Where a line of the data below has the string "finH", copy that line.

-------- Available records --------

(* There exists $M>0$ independent of $n$ and $v$ such that for every $n$ and every $v\in\mathbb R^n$, $$\|v\|_\infty+\|D_nv\|_\infty\le M\big(\|v\|_{2d}+\|P_nv\|_{2d}\big).$$
   Context: Standing assumptions: $\theta,\sigma,\lambda\in PC^1[0,1]$ (piecewise $C^1$: on each interval of some finite partition of $[0,1]$ the function is the restriction of a $C^1[0,1]$ function) with $\inf_{x\in[0,1]}\theta(x)>0$; $\varphi\in C^1([0,1];C^1[0,1])$ is a kernel $\varphi(x,\tilde x)$; $\alpha_0,\beta_0,\alpha_1,\beta_1$ are real constants. Discretization: for $n\ge1$ let $h=1/(n+1)$, $r_0=\alpha_0/(3\alpha_0-2h\beta_0)$, $r_1=\alpha_1/(3\alpha_1+2h\beta_1)$, $q_0=-\beta_0/(\alpha_0-h\beta_0)$ (assumed well defined for all $n$). Define $n\times n$ matrices $\Theta_n=\mathrm{diag}(\theta(h),\dots,\theta(nh))$, $\Sigma_n=\mathrm{diag}(\sigma(h),\dots,\sigma(nh))$, $\Lambda_n=\mathrm{diag}(\lambda(h),\dots,\lambda(nh))$; $L_n=h^{-2}M$ where $M$ is tridiagonal with diagonal entries $-2$ except $M_{11}=4r_0-2$, $M_{nn}=4r_1-2$, superdiagonal entries $1$ except $M_{12}=1-r_0$, subdiagonal entries $1$ except $M_{n,n-1}=1-r_1$; $D_n=h^{-1}N$ where $N_{11}=hq_0$, $N_{1j}=0$ for $j\ge2$, and for $i\ge2$: $N_{ii}=1$, $N_{i,i-1}=-1$, other entries $0$; $\Phi_n$ is lower triangular with $(\Phi_n)_{jm}=h\varphi(jh,mh)$ for $m\le j$. Set $P_n=\Theta_nL_n+\Sigma_nD_n+\Lambda_n+\Phi_n$. For $v\in\mathbb R^n$, $\|v\|_{2d}=\sqrt h\,\|v\|_2$ and $\|v\|_\infty=\max_j|v_j|$. *)

theory Defs
  imports "HOL-Analysis.Analysis"
begin

definition C1_01 :: "(real \<Rightarrow> real) \<Rightarrow> bool" where
  "C1_01 u \<longleftrightarrow> u C1_differentiable_on {0..1}"

text \<open>Each breakpoint belongs to one of the two adjacent intervals, so the
  value there is the value of one of the two adjacent pieces.\<close>
definition PC1 :: "(real \<Rightarrow> real) \<Rightarrow> bool" where
  "PC1 f \<longleftrightarrow> (\<exists>(xs::real list) (g::nat \<Rightarrow> real \<Rightarrow> real).
      length xs \<ge> 2 \<and> xs ! 0 = 0 \<and> last xs = 1 \<and> sorted_wrt (<) xs \<and>
      (\<forall>i < length xs - 1. C1_01 (g i) \<and> (\<forall>x \<in> {xs ! i <..< xs ! (i+1)}. f x = g i x)) \<and>
      f 0 = g 0 0 \<and> f 1 = g (length xs - 2) 1 \<and>
      (\<forall>i. 0 < i \<and> i < length xs - 1 \<longrightarrow>
          f (xs ! i) = g (i - 1) (xs ! i) \<or> f (xs ! i) = g i (xs ! i)))"
text \<open>The variational inequality for box constraints holds pointwise: almost everywhere,
  ubar equals ua where pbar + \<beta> ubar is positive and ub where it is negative. On an element
  containing such a point the modified interpolant takes that same bound, because no element
  attains both bounds. Hence (pbar + \<beta> ubar) (u - ut h) is nonnegative almost everywhere
  for every admissible u; element boundaries are negligible, so prescribing ut h on element
  interiors suffices.\<close>

lemma L2_integrable:
  assumes "L2 \<Omega> f" "\<Omega> \<in> lmeasurable"
  shows "integrable (lebesgue_on \<Omega>) f"
  using finite_measure.square_integrable_imp_integrable[OF finite_measure_lebesgue_on[OF assms(2)]]
    assms(1) unfolding L2_def by blast
theorem lemma2p1:
  fixes a1 a2 a3 b1 b2 b3 :: int
  assumes "a1 mod 4 = 1" "a2 mod 4 = 1" "a3 mod 4 = 1"
      and "b1 mod 4 = 1" "b2 mod 4 = 1" "b3 mod 4 = 1"
      and "gcd a1 (gcd a2 a3) = 1" and "gcd b1 (gcd b2 b3) = 1"
  shows "acts_freely H1DS3 (P10 (a1, a2, a3) (b1, b2, b3)) \<longleftrightarrow>
           (gcd a1 (a2 + a3) = 1 \<and> gcd a1 (a2 - a3) = 1 \<and>
            gcd b1 (b2 + b3) = 1 \<and> gcd b1 (b2 - b3) = 1)"
proof -
  \<comment> \<open>The congruences mod 4 (which make Delta Q a subgroup of Pin(2)_a and Pjn(2)_b in the
    paper) are needed here only to rule out a1 = 0 and b1 = 0.\<close>
  have "a1 \<noteq> 0" "b1 \<noteq> 0"
    using assms(1,4) by auto
  have "\<not> acts_freely H1DS3 (P10 (a1, a2, a3) (b1, b2, b3))"
    if "\<not> (coprime a1 (a2 + a3) \<and> coprime a1 (a2 - a3))"
    using not_acts_freely_H1DS3_P10I [of "-1"] diag_conj_invariant_Pin2 [OF \<open>a1 \<noteq> 0\<close> assms(7) that]
    by (simp add: iso_grp_def)
  moreover have "\<not> acts_freely H1DS3 (P10 (a1, a2, a3) (b1, b2, b3))"
    if "\<not> (coprime b1 (b2 + b3) \<and> coprime b1 (b2 - b3))"
    using not_acts_freely_H1DS3_P10I [of 1] diag_conj_invariant_Pin2 [OF \<open>b1 \<noteq> 0\<close> assms(8) that]
    by (simp add: iso_grp_def Pjn2_eq_Gswap_image diag_conj_invariant_Gswap_image)
  moreover have "acts_freely H1DS3 (P10 (a1, a2, a3) (b1, b2, b3))"
    if "coprime a1 (a2 + a3)" "coprime a1 (a2 - a3)" "coprime b1 (b2 + b3)" "coprime b1 (b2 - b3)"
    using that by (intro acts_freely_H1DS3_P10I diag_conj_trivial_iso_grp)
  ultimately show ?thesis
    by (auto simp: coprime_iff_gcd_eq_1)
qed

end
lemma gaussian_linear_tail:
  assumes fin: "finite J" and t: "0 \<le> t"
  shows "emeasure (std_gaussian_PiM J) {x \<in> space (std_gaussian_PiM J).
      t * sqrt (\<Sum>j\<in>J. (w j)\<^sup>2) < (\<Sum>j\<in>J. w j * x j)} \<le> ennreal (exp (- t\<^sup>2 / 2))"
proof (cases "(\<Sum>j\<in>J. (w j)\<^sup>2) = 0")
  case True
  then have "\<forall>j\<in>J. w j = 0" using fin by (simp add: sum_nonneg_eq_0_iff)
  then show ?thesis using True by simp
next
  case False
  define s where "s = sqrt (\<Sum>j\<in>J. (w j)\<^sup>2)"
  have "0 \<le> (\<Sum>j\<in>J. (w j)\<^sup>2)" by (simp add: sum_nonneg)
  then have s: "0 < s" using False unfolding s_def by simp
  have "emeasure (std_gaussian_PiM J) {x \<in> space (std_gaussian_PiM J). t * s < (\<Sum>j\<in>J. w j * x j)}
      \<le> ennreal (exp (- (t / s) * (t * s))) *
        (\<integral>\<^sup>+x. ennreal (exp (t / s * (\<Sum>j\<in>J. w j * x j))) \<partial>std_gaussian_PiM J)"
    by (rule chernoff_bound) (use s t in auto)
  also have "(\<integral>\<^sup>+x. ennreal (exp (t / s * (\<Sum>j\<in>J. w j * x j))) \<partial>std_gaussian_PiM J)
      = ennreal (exp (\<Sum>j\<in>J. (t / s * w j)\<^sup>2 / 2))"
    using nn_integral_exp_linear_form[OF fin, of "\<lambda>j. t / s * w j"]
    by (simp add: sum_distrib_left mult.assoc)
  also have "(\<Sum>j\<in>J. (t / s * w j)\<^sup>2 / 2) = t\<^sup>2 / 2"
    using s by (simp add: s_def power_mult_distrib power_divide sum_divide_distrib[symmetric]
        sum_distrib_left[symmetric] sum_nonneg)
  also have "ennreal (exp (- (t / s) * (t * s))) * ennreal (exp (t\<^sup>2 / 2)) = ennreal (exp (- t\<^sup>2 / 2))"
    using s by (simp add: ennreal_mult[symmetric] exp_add[symmetric] power2_eq_square)
  finally show ?thesis unfolding s_def .
qed

text \<open>Coefficients depending only on the coordinates outside J: conditioning on those
  coordinates (Fubini over the split I = (I - J) \<union> J) freezes them.\<close>
lemma gaussian_linear_tail_indep:
  assumes fin: "finite I" and JI: "J \<subseteq> I" and t: "t \<ge> 0"
    and meas [measurable]: "\<And>j. j \<in> J \<Longrightarrow> coef j \<in> borel_measurable (std_gaussian_PiM I)"
    and dep: "\<And>j \<omega> \<omega>'. j \<in> J \<Longrightarrow> (\<And>h. h \<in> I - J \<Longrightarrow> \<omega> h = \<omega>' h) \<Longrightarrow> coef j \<omega> = coef j \<omega>'"
  shows "emeasure (std_gaussian_PiM I) {\<omega> \<in> space (std_gaussian_PiM I).
      t * sqrt (\<Sum>j\<in>J. (coef j \<omega>)\<^sup>2) < (\<Sum>j\<in>J. coef j \<omega> * \<omega> j)} \<le> ennreal (exp (- t\<^sup>2 / 2))"
proof -
  define H where "H = I - J"
  have IHJ: "I = H \<union> J" and HJ: "H \<inter> J = {}" using JI unfolding H_def by auto
  have finH: "finite H" "finite J" using fin JI unfolding H_def by (auto intro: finite_subset)
  define A where "A = {\<omega> \<in> space (std_gaussian_PiM I).
    t * sqrt (\<Sum>j\<in>J. (coef j \<omega>)\<^sup>2) < (\<Sum>j\<in>J. coef j \<omega> * \<omega> j)}"
  have A: "A \<in> sets (std_gaussian_PiM I)"
    unfolding A_def by measurable
  have "emeasure (std_gaussian_PiM I) A = (\<integral>\<^sup>+\<omega>. indicator A \<omega> \<partial>std_gaussian_PiM (H \<union> J))"
    using A IHJ by simp
  also have "\<dots> = (\<integral>\<^sup>+y. (\<integral>\<^sup>+x. indicator A (merge H J (y, x)) \<partial>std_gaussian_PiM J) \<partial>std_gaussian_PiM H)"
    by (rule product_sigma_finite.product_nn_integral_fold[OF product_sigma_finite_std_gaussian HJ finH])
      (use A IHJ in simp)
  also have "\<dots> \<le> (\<integral>\<^sup>+y. ennreal (exp (- t\<^sup>2 / 2)) \<partial>std_gaussian_PiM H)"
  proof (rule nn_integral_mono)
    fix y assume y: "y \<in> space (std_gaussian_PiM H)"
    define w where "w j = coef j (merge H J (y, \<lambda>_. 0))" for j
    define B where "B = {x \<in> space (std_gaussian_PiM J). t * sqrt (\<Sum>j\<in>J. (w j)\<^sup>2) < (\<Sum>j\<in>J. w j * x j)}"
    have "(\<integral>\<^sup>+x. indicator A (merge H J (y, x)) \<partial>std_gaussian_PiM J) = (\<integral>\<^sup>+x. indicator B x \<partial>std_gaussian_PiM J)"
    proof (rule nn_integral_cong)
      fix x assume x: "x \<in> space (std_gaussian_PiM J)"
      have "merge H J (y, x) \<in> space (std_gaussian_PiM I)"
        using x y IHJ by (auto simp: space_PiM)
      moreover have "coef j (merge H J (y, x)) = w j" "merge H J (y, x) j = x j" if "j \<in> J" for j
        unfolding w_def using that HJ by (auto intro!: dep simp: merge_def H_def)
      ultimately show "indicator A (merge H J (y, x)) = indicator B x"
        using x unfolding A_def B_def by (simp cong: sum.cong split: split_indicator)
    qed
    also have "\<dots> = emeasure (std_gaussian_PiM J) B"
      unfolding B_def by (rule nn_integral_indicator) measurable
    also have "\<dots> \<le> ennreal (exp (- t\<^sup>2 / 2))"
      unfolding B_def by (rule gaussian_linear_tail[OF finH(2) t])
    finally show "(\<integral>\<^sup>+x. indicator A (merge H J (y, x)) \<partial>std_gaussian_PiM J) \<le> ennreal (exp (- t\<^sup>2 / 2))" .
  qed
  also have "\<dots> = ennreal (exp (- t\<^sup>2 / 2))"
    using prob_space.emeasure_space_1[OF prob_space_std_gaussian_PiM[of H]] by simp
  finally show ?thesis unfolding A_def .
qed

lemma gaussian_abs_linear_tail_indep:
  assumes fin: "finite I" and JI: "J \<subseteq> I" and t: "t \<ge> 0"
   and meas[measurable]: "\<And>j. j \<in> J \<Longrightarrow> coef j \<in> borel_measurable (std_gaussian_PiM I)"
   and dep: "\<And>j \<omega> \<omega>'. j \<in> J \<Longrightarrow> (\<And>h. h \<in> I - J \<Longrightarrow> \<omega> h = \<omega>' h) \<Longrightarrow> coef j \<omega> = coef j \<omega>'"
  shows "emeasure (std_gaussian_PiM I) {\<omega> \<in> space (std_gaussian_PiM I). t * sqrt (\<Sum>j\<in>J. (coef j \<omega>)\<^sup>2) < \<bar>\<Sum>j\<in>J. coef j \<omega> * \<omega> j\<bar>}
    \<le> ennreal (2 * exp (- t\<^sup>2 / 2))"
proof -
  let ?A = "{\<omega> \<in> space (std_gaussian_PiM I). t * sqrt (\<Sum>j\<in>J. (coef j \<omega>)\<^sup>2) < (\<Sum>j\<in>J. coef j \<omega> * \<omega> j)}"
  let ?B = "{\<omega> \<in> space (std_gaussian_PiM I). t * sqrt (\<Sum>j\<in>J. ((\<lambda>j \<omega>. - coef j \<omega>) j \<omega>)\<^sup>2) < (\<Sum>j\<in>J. (\<lambda>j \<omega>. - coef j \<omega>) j \<omega> * \<omega> j)}"
  have A: "?A \<in> sets (std_gaussian_PiM I)" by measurable
  have B: "?B \<in> sets (std_gaussian_PiM I)" by measurable
  have eq: "{\<omega> \<in> space (std_gaussian_PiM I). t * sqrt (\<Sum>j\<in>J. (coef j \<omega>)\<^sup>2) < \<bar>\<Sum>j\<in>J. coef j \<omega> * \<omega> j\<bar>} = ?A \<union> ?B"
    by (auto simp: sum_negf abs_if)
  have "emeasure (std_gaussian_PiM I) (?A \<union> ?B) \<le> emeasure (std_gaussian_PiM I) ?A + emeasure (std_gaussian_PiM I) ?B"
    by (rule emeasure_subadditive[OF A B])
  also have "\<dots> \<le> ennreal (exp (- t\<^sup>2 / 2)) + ennreal (exp (- t\<^sup>2 / 2))"
  proof (rule add_mono)
    show "emeasure (std_gaussian_PiM I) ?A \<le> ennreal (exp (- t\<^sup>2 / 2))" by (rule gaussian_linear_tail_indep[OF fin JI t meas dep])
    show "emeasure (std_gaussian_PiM I) ?B \<le> ennreal (exp (- t\<^sup>2 / 2))"
      by (rule gaussian_linear_tail_indep[OF fin JI t]) (simp, metis dep)
  qed
  also have "\<dots> = ennreal (2 * exp (- t\<^sup>2 / 2))" by (simp flip: ennreal_plus)
  finally show ?thesis unfolding eq .
qed

lemma gaussian_diff_tail:
  fixes R :: "'r set" and C :: "'c set" and W :: "'r \<Rightarrow> ('r \<times> 'c \<Rightarrow> real) \<Rightarrow> real"
  assumes fR: "finite R" and fC: "finite C" and u: "u \<in> C" and v: "v \<in> C" and uv: "u \<noteq> v" and t: "t \<ge> 0"
   and meas: "\<And>i. i \<in> R \<Longrightarrow> W i \<in> borel_measurable (std_gaussian_PiM (R \<times> C))"
   and dep: "\<And>i \<omega> \<omega>'. i \<in> R \<Longrightarrow> (\<And>i' j. i' \<in> R \<Longrightarrow> j \<in> C \<Longrightarrow> j \<noteq> u \<Longrightarrow> j \<noteq> v \<Longrightarrow> \<omega> (i', j) = \<omega>' (i', j)) \<Longrightarrow> W i \<omega> = W i \<omega>'"
  shows "emeasure (std_gaussian_PiM (R \<times> C)) {\<omega> \<in> space (std_gaussian_PiM (R \<times> C)).
      t * sqrt (2 * (\<Sum>i\<in>R. (W i \<omega>)\<^sup>2)) < \<bar>\<Sum>i\<in>R. (\<omega> (i, u) - \<omega> (i, v)) * W i \<omega>\<bar>}
    \<le> ennreal (2 * exp (- t\<^sup>2 / 2))"
proof -
  define coef where "coef ij \<omega> = (if snd ij = u then W (fst ij) \<omega> else - W (fst ij) \<omega>)" for ij \<omega>
  have fI: "finite (R \<times> C)" using fR fC by simp
  have JI: "R \<times> {u, v} \<subseteq> R \<times> C" using u v by auto
  have linear_eq: "(\<Sum>ij\<in>R \<times> {u, v}. coef ij \<omega> * \<omega> ij) = (\<Sum>i\<in>R. (\<omega> (i, u) - \<omega> (i, v)) * W i \<omega>)" for \<omega>
    unfolding sum.cartesian_product' using uv by (intro sum.cong refl) (simp add: coef_def algebra_simps)
  have norm_eq: "(\<Sum>ij\<in>R \<times> {u, v}. (coef ij \<omega>)\<^sup>2) = 2 * (\<Sum>i\<in>R. (W i \<omega>)\<^sup>2)" for \<omega>
    unfolding sum.cartesian_product' using uv by (simp add: coef_def sum_distrib_left)
  have "emeasure (std_gaussian_PiM (R \<times> C)) {\<omega> \<in> space (std_gaussian_PiM (R \<times> C)).
      t * sqrt (\<Sum>ij\<in>R \<times> {u, v}. (coef ij \<omega>)\<^sup>2) < \<bar>\<Sum>ij\<in>R \<times> {u, v}. coef ij \<omega> * \<omega> ij\<bar>}
    \<le> ennreal (2 * exp (- t\<^sup>2 / 2))"
  proof (rule gaussian_abs_linear_tail_indep[OF fI JI t])
    fix j assume j: "j \<in> R \<times> {u, v}"
    then have "fst j \<in> R" by auto
    then show "coef j \<in> borel_measurable (std_gaussian_PiM (R \<times> C))"
      unfolding coef_def using meas by (cases "snd j = u") auto
  next
    fix j and \<omega> \<omega>' :: "'r \<times> 'c \<Rightarrow> real" assume j: "j \<in> R \<times> {u, v}" and ag: "\<And>h. h \<in> R \<times> C - R \<times> {u, v} \<Longrightarrow> \<omega> h = \<omega>' h"
    have "W (fst j) \<omega> = W (fst j) \<omega>'"
      using j by (intro dep) (auto intro: ag)
    then show "coef j \<omega> = coef j \<omega>'" unfolding coef_def by simp
  qed
  then show ?thesis unfolding linear_eq norm_eq .
qed

lemma gaussian_coordinate_tail:
  fixes R :: "'r set" and C :: "'c set" and W :: "'r \<Rightarrow> ('r \<times> 'c \<Rightarrow> real) \<Rightarrow> real"
  assumes fR: "finite R" and fC: "finite C" and v: "v \<in> C" and t: "t \<ge> 0"
   and meas: "\<And>i. i \<in> R \<Longrightarrow> W i \<in> borel_measurable (std_gaussian_PiM (R \<times> C))"
   and dep: "\<And>i \<omega> \<omega>'. i \<in> R \<Longrightarrow> (\<And>i' j. i' \<in> R \<Longrightarrow> j \<in> C \<Longrightarrow> j \<noteq> v \<Longrightarrow> \<omega> (i', j) = \<omega>' (i', j)) \<Longrightarrow> W i \<omega> = W i \<omega>'"
  shows "emeasure (std_gaussian_PiM (R \<times> C)) {\<omega> \<in> space (std_gaussian_PiM (R \<times> C)).
      t * sqrt (\<Sum>i\<in>R. (W i \<omega>)\<^sup>2) < \<bar>\<Sum>i\<in>R. \<omega> (i, v) * W i \<omega>\<bar>}
    \<le> ennreal (2 * exp (- t\<^sup>2 / 2))"
proof -
  define coef where "coef ij \<omega> = W (fst ij) \<omega>" for ij :: "'r \<times> 'c" and \<omega>
  have fI: "finite (R \<times> C)" using fR fC by simp
  have JI: "R \<times> {v} \<subseteq> R \<times> C" using v by auto
  have linear_eq: "(\<Sum>ij\<in>R \<times> {v}. coef ij \<omega> * \<omega> ij) = (\<Sum>i\<in>R. \<omega> (i, v) * W i \<omega>)" for \<omega>
    unfolding sum.cartesian_product' by (simp add: coef_def mult.commute)
  have norm_eq: "(\<Sum>ij\<in>R \<times> {v}. (coef ij \<omega>)\<^sup>2) = (\<Sum>i\<in>R. (W i \<omega>)\<^sup>2)" for \<omega>
    unfolding sum.cartesian_product' by (simp add: coef_def)
  have "emeasure (std_gaussian_PiM (R \<times> C)) {\<omega> \<in> space (std_gaussian_PiM (R \<times> C)).
      t * sqrt (\<Sum>ij\<in>R \<times> {v}. (coef ij \<omega>)\<^sup>2) < \<bar>\<Sum>ij\<in>R \<times> {v}. coef ij \<omega> * \<omega> ij\<bar>}
    \<le> ennreal (2 * exp (- t\<^sup>2 / 2))"
  proof (rule gaussian_abs_linear_tail_indep[OF fI JI t])
    fix j assume j: "j \<in> R \<times> {v}"
    then have "fst j \<in> R" by auto
    then show "coef j \<in> borel_measurable (std_gaussian_PiM (R \<times> C))"
      unfolding coef_def using meas by auto
  next
    fix j and \<omega> \<omega>' :: "'r \<times> 'c \<Rightarrow> real" assume j: "j \<in> R \<times> {v}" and ag: "\<And>h. h \<in> R \<times> C - R \<times> {v} \<Longrightarrow> \<omega> h = \<omega>' h"
    show "coef j \<omega> = coef j \<omega>'"
      unfolding coef_def using j by (intro dep) (auto intro: ag)
  qed
  then show ?thesis unfolding linear_eq norm_eq .
qed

--------

■ **Exercise output**:
  have finH: "finite H" "finite J" using fin JI unfolding H_def by (auto intro: finite_subset)
    by (rule product_sigma_finite.product_nn_integral_fold[OF product_sigma_finite_std_gaussian HJ finH])
      unfolding B_def by (rule gaussian_linear_tail[OF finH(2) t])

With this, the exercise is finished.